Hispana, Senicio e os outros quatro habitantes (dois homens e duas mulheres, de nomes desconhecidos) de um túmulo romano em Carmona, descoberto em 2019, provavelmente nunca imaginaram que o que para eles era um ritual funerário acabaria por ser importante 2.000 anos depois, por uma razão totalmente diferente. Como parte desse ritual, os restos mortais de um dos homens foram imersos em um líquido dentro de uma urna funerária de vidro. Este líquido, que com o tempo adquiriu uma tonalidade avermelhada, está preservado desde o século I dC, e uma equipe do Departamento de Química Orgânica da Universidade de Córdoba, liderada pelo professor José Rafael Ruiz Arrebola, em colaboração com a Prefeitura de Carmona, identificou-o como o vinho mais antigo alguma vez descoberto, superando assim a garrafa de vinho Speyer descoberta em 1867 e datada do século IV dC, preservada no Museu Histórico de Pfalz (Alemanha).

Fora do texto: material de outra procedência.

lemma Im_qAV: "Im (qAV A V (y, \<eta>)) = 1/2 * (y \<bullet> (Im_mat V *v y))"
  by (simp add: qAV_def Im_bilinear_cvec del: Im_sum)

lemma symmetric_matrix_inner_commute:
  assumes "transpose M = M"
  shows "x \<bullet> ((M::real^'n^'n) *v y) = y \<bullet> (M *v x)"
  by (metis assms dot_lmul_matrix inner_commute transpose_matrix_vector)

lemma psd_quadratic_form_eq_0_imp_kernel:
  fixes R :: "real^'n^'n"
  assumes psd: "\<forall>x. 0 \<le> x \<bullet> (R *v x)" and sym: "transpose R = R"
    and y: "y \<bullet> (R *v y) = 0"
  shows "R *v y = 0"
proof (rule ccontr)
  define z where "z = R *v y"
  assume "R *v y \<noteq> 0"
  then have "z \<bullet> z > 0" by (simp add: z_def)
  have "(t *\<^sub>R y - z) \<bullet> (R *v (t *\<^sub>R y - z)) = z \<bullet> (R *v z) - 2 * t * (z \<bullet> z)" for t
    using symmetric_matrix_inner_commute[OF sym, of y z] y
    by (simp add: z_def matrix_vector_mult_diff_distrib matrix_vector_mult_scaleR
        inner_diff_left inner_diff_right algebra_simps)
  then have "2 * t * (z \<bullet> z) \<le> z \<bullet> (R *v z)" for t
    using psd by (metis diff_ge_0_iff_ge)
  from this[of "(z \<bullet> (R *v z) + 1) / (2 * (z \<bullet> z))"] show False
    using \<open>z \<bullet> z > 0\<close> by simp
qed

lemma invertible_iff_Re_Im_kernels_trivial:
  fixes V :: "complex^'n^'n"
  assumes sym: "transpose V = V" and psd: "\<forall>x. 0 \<le> x \<bullet> (Re_mat V *v x)"
  shows "invertible V \<longleftrightarrow> (\<forall>y. Re_mat V *v y = 0 \<and> Im_mat V *v y = 0 \<longrightarrow> y = 0)"
proof -
  let ?R = "Re_mat V" and ?W = "Im_mat V"
  have symR: "transpose ?R = ?R" and symW: "transpose ?W = ?W"
    using sym by (simp_all add: transpose_Re_mat transpose_Im_mat)
  show ?thesis
    unfolding invertible_left_inverse matrix_left_invertible_ker
  proof safe
    fix y assume ker: "\<forall>z. V *v z = 0 \<longrightarrow> z = 0" "?R *v y = 0" "?W *v y = 0"
    have "V *v cvec y = 0"
      using ker by (simp add: complex_vec_eq_0_iff Re_vec_matrix_vector_mult Im_vec_matrix_vector_mult)
    with ker show "y = 0"
      by (metis Re_vec_cvec complex_vec_eq_0_iff)
  next
    fix z assume ker: "\<forall>y. ?R *v y = 0 \<and> ?W *v y = 0 \<longrightarrow> y = 0" and "V *v z = 0"
    define a b where "a = Re_vec z" and "b = Im_vec z"
    have e1: "?R *v a = ?W *v b" and e2: "?R *v b = - (?W *v a)"
      using \<open>V *v z = 0\<close> unfolding a_def b_def complex_vec_eq_0_iff
      by (simp_all add: Re_vec_matrix_vector_mult Im_vec_matrix_vector_mult eq_neg_iff_add_eq_0)
    have "a \<bullet> (?R *v a) + b \<bullet> (?R *v b) = 0"
      using symmetric_matrix_inner_commute[OF symW, of a b] unfolding e1 e2 by (simp add: inner_minus_right)
    then have "a \<bullet> (?R *v a) = 0" "b \<bullet> (?R *v b) = 0"
      using psd by (simp_all add: add_nonneg_eq_0_iff)
    then have "?R *v a = 0" "?R *v b = 0"
      using psd_quadratic_form_eq_0_imp_kernel[OF psd symR] by blast+
    then have "a = 0" "b = 0"
      using ker e1 e2 by (metis neg_equal_0_iff_equal)+
    then show "z = 0"
      by (simp add: complex_vec_eq_0_iff a_def b_def)
  qed
qed
definition Phimat :: "nat \<Rightarrow> real \<Rightarrow> real \<Rightarrow> real \<Rightarrow> nat \<times> nat \<Rightarrow> nat \<times> nat \<Rightarrow> real" where
  "Phimat h lG lL g s t =
    (if s \<in> hS h \<and> t \<in> hS h then
      (if 1 \<le> fst s then
        (let a = fst s; b = snd s in
          (if 1 < a \<and> t = (a - 1, b + 1) then real a * lL / (real b * (real a * lL + g)) else 0)
        + (if a = 1 \<and> t = (0, 1) then lL / (real b * (lL + g)) else 0)
        + (if t = (h - 1, 1) then lG / (real b * (real a * lL + g)) else 0))
       else (if t = (h - 1, 1) then lG / g else 0))
     else 0)"

definition Mmat :: "nat \<Rightarrow> real \<Rightarrow> real \<Rightarrow> real \<Rightarrow> nat \<times> nat \<Rightarrow> nat \<times> nat \<Rightarrow> real" where
  "Mmat h lG lL g =
     mmult (hS h) (minv (hS h) (\<lambda>s t. mid s t - Pmat h lL g s t)) (Phimat h lG lL g)"

definition Gmat :: "nat \<Rightarrow> real \<Rightarrow> real \<Rightarrow> nat \<times> nat \<Rightarrow> nat \<times> nat \<Rightarrow> real" where
  "Gmat h lG g s t = (if s \<in> hS h \<and> t = (h - 1, 1) then lG / g else 0)"

definition Umat :: "nat \<Rightarrow> real \<Rightarrow> real \<Rightarrow> real \<Rightarrow> nat \<times> nat \<Rightarrow> nat \<times> nat \<Rightarrow> real" where
  "Umat h lG lL g = (\<lambda>s t. Mmat h lG lL g s t - Gmat h lG g s t)"

end

theory Submission
  imports Defs
begin
(* Let $n\ge 2$, $d\ge n+1$, and let $f$ be a Perazzo form of degree $d$ in $S$. If $A_f$ has the weak Lefschetz property, then $d\ge 2n$.
   Context: $K$ is an algebraically closed field of characteristic zero. $S=K[x_0,\dots,x_n,u,v]$ and $R=K[y_0,\dots,y_n,U,V]$ acts on $S$ by differentiation ($y_i=\partial/\partial x_i$, $U=\partial/\partial u$, $V=\partial/\partial v$). A Perazzo form of degree $d$ is $f=x_0p_0+x_1p_1+\cdots+x_np_n+g$ where $p_0,\dots,p_n\in K[u,v]_{d-1}$ are linearly independent but algebraically dependent forms and $g\in K[u,v]_d$. $\operatorname{Ann}_R(f)=\{\theta\in R:\theta\circ f=0\}$ and $A_f=R/\operatorname{Ann}_R(f)$ is a graded artinian Gorenstein algebra of socle degree $d$. A graded artinian algebra $A$ has the weak Lefschetz property (WLP) if there is $\ell\in[A]_1$ such that multiplication $\times\ell:[A]_i\to[A]_{i+1}$ has maximal rank (is injective or surjective) for every $i\ge 0$. *)

theory Defs
  imports "HOL-Library.Poly_Mapping" "HOL-Computational_Algebra.Polynomial"
begin

type_synonym 'a mpoly = "(nat \<Rightarrow>\<^sub>0 nat) \<Rightarrow>\<^sub>0 'a"

definition alg_closed_field :: "'a::field itself \<Rightarrow> bool" where
  "alg_closed_field _ \<longleftrightarrow> (\<forall>p :: 'a poly. degree p \<ge> 1 \<longrightarrow> (\<exists>x. poly p x = 0))"

definition mconst :: "'a::comm_ring_1 \<Rightarrow> 'a mpoly" where
  "mconst c = Poly_Mapping.single 0 c"

definition mvar :: "nat \<Rightarrow> 'a::comm_ring_1 mpoly" where
  "mvar j = Poly_Mapping.single (Poly_Mapping.single j 1) 1"

definition mon_deg :: "(nat \<Rightarrow>\<^sub>0 nat) \<Rightarrow> nat" where
  "mon_deg \<alpha> = (\<Sum>j\<in>Poly_Mapping.keys \<alpha>. Poly_Mapping.lookup \<alpha> j)"

definition form_in :: "nat set \<Rightarrow> nat \<Rightarrow> 'a::comm_ring_1 mpoly \<Rightarrow> bool" where
  "form_in V d p \<longleftrightarrow> (\<forall>\<alpha>\<in>Poly_Mapping.keys p. mon_deg \<alpha> = d \<and> Poly_Mapping.keys \<alpha> \<subseteq> V)"

definition poly_in :: "nat set \<Rightarrow> 'a::comm_ring_1 mpoly \<Rightarrow> bool" where
  "poly_in V p \<longleftrightarrow> (\<forall>\<alpha>\<in>Poly_Mapping.keys p. Poly_Mapping.keys \<alpha> \<subseteq> V)"

definition msubst :: "'a::comm_ring_1 mpoly \<Rightarrow> (nat \<Rightarrow> 'a mpoly) \<Rightarrow> 'a mpoly" where
  "msubst F P = (\<Sum>\<alpha>\<in>Poly_Mapping.keys F. mconst (Poly_Mapping.lookup F \<alpha>) * (\<Prod>j\<in>Poly_Mapping.keys \<alpha>. P j ^ Poly_Mapping.lookup \<alpha> j))"

text \<open>Action of the ring of differential operators by differentiation:
  the variable j of theta acts as partial derivative w.r.t. variable j of f, so
  y^alpha o x^beta = beta!/(beta-alpha)! x^(beta-alpha) if alpha <= beta, and 0 otherwise.\<close>
definition diff_act :: "'a::field_char_0 mpoly \<Rightarrow> 'a mpoly \<Rightarrow> 'a mpoly" (infixr \<open>\<circ>\<^sub>D\<close> 70) where
  "\<theta> \<circ>\<^sub>D f = (\<Sum>\<alpha>\<in>Poly_Mapping.keys \<theta>. \<Sum>\<beta>\<in>{\<beta>\<in>Poly_Mapping.keys f. \<forall>j. Poly_Mapping.lookup \<alpha> j \<le> Poly_Mapping.lookup \<beta> j}.
      Poly_Mapping.single (\<beta> - \<alpha>)
        (Poly_Mapping.lookup \<theta> \<alpha> * Poly_Mapping.lookup f \<beta> *
          (\<Prod>j\<in>Poly_Mapping.keys \<beta>. of_nat (fact (Poly_Mapping.lookup \<beta> j)) / of_nat (fact (Poly_Mapping.lookup \<beta> j - Poly_Mapping.lookup \<alpha> j)))))"

text \<open>Variables: x_0..x_n are 0..n, u is n+1, v is n+2 (same indexing for y_i, U, V in R).\<close>
definition all_vars :: "nat \<Rightarrow> nat set" where
  "all_vars n = {..n+2}"

definition uv_vars :: "nat \<Rightarrow> nat set" where
  "uv_vars n = {n+1, n+2}"

definition Ann :: "nat \<Rightarrow> 'a::field_char_0 mpoly \<Rightarrow> 'a mpoly set" where
  "Ann n f = {\<theta>. poly_in (all_vars n) \<theta> \<and> \<theta> \<circ>\<^sub>D f = 0}"

definition perazzo_form :: "nat \<Rightarrow> nat \<Rightarrow> 'a::field_char_0 mpoly \<Rightarrow> bool" where
  "perazzo_form n d f \<longleftrightarrow>
    (\<exists>P :: nat \<Rightarrow> 'a mpoly. \<exists>g.
       (\<forall>i\<le>n. form_in (uv_vars n) (d - 1) (P i)) \<and>
       form_in (uv_vars n) d g \<and>
       \<comment> \<open>linearly independent\<close>
       (\<forall>c :: nat \<Rightarrow> 'a. (\<Sum>i\<le>n. mconst (c i) * P i) = 0 \<longrightarrow> (\<forall>i\<le>n. c i = 0)) \<and>
       \<comment> \<open>algebraically dependent\<close>
       (\<exists>F :: 'a mpoly. F \<noteq> 0 \<and> poly_in {..n} F \<and> msubst F P = 0) \<and>
       f = (\<Sum>i\<le>n. mvar i * P i) + g)"

text \<open>Multiplication by ell : [A_f]_i -> [A_f]_(i+1) has maximal rank, where
  [A_f]_i = R_i / (Ann f)_i.\<close>
definition mult_injective :: "nat \<Rightarrow> 'a::field_char_0 mpoly \<Rightarrow> 'a mpoly \<Rightarrow> nat \<Rightarrow> bool" where
  "mult_injective n f l i \<longleftrightarrow>
     (\<forall>\<theta>. form_in (all_vars n) i \<theta> \<longrightarrow> l * \<theta> \<in> Ann n f \<longrightarrow> \<theta> \<in> Ann n f)"

definition mult_surjective :: "nat \<Rightarrow> 'a::field_char_0 mpoly \<Rightarrow> 'a mpoly \<Rightarrow> nat \<Rightarrow> bool" where
  "mult_surjective n f l i \<longleftrightarrow>
     (\<forall>\<psi>. form_in (all_vars n) (i+1) \<psi> \<longrightarrow>
        (\<exists>\<theta>. form_in (all_vars n) i \<theta> \<and> \<psi> - l * \<theta> \<in> Ann n f))"

text \<open>Weak Lefschetz property of A_f = R/Ann_R(f); a linear element of A_f is the class
  of a linear form ell of R.\<close>
definition has_WLP :: "nat \<Rightarrow> 'a::field_char_0 mpoly \<Rightarrow> bool" where
  "has_WLP n f \<longleftrightarrow>
     (\<exists>l. form_in (all_vars n) 1 l \<and>
        (\<forall>i. mult_injective n f l i \<or> mult_surjective n f l i))"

“A princípio ficamos muito surpresos que o líquido estivesse preservado em uma das urnas funerárias”, explica o arqueólogo municipal da cidade de Carmona, Juan Manuel Román. Afinal, tinham passado 2.000 anos, mas as condições de conservação do túmulo eram extraordinárias; totalmente intacto e bem vedado desde então, o túmulo permitiu ao vinho manter o seu estado natural, descartando outras causas como inundações, fugas no interior da câmara, ou processos de condensação.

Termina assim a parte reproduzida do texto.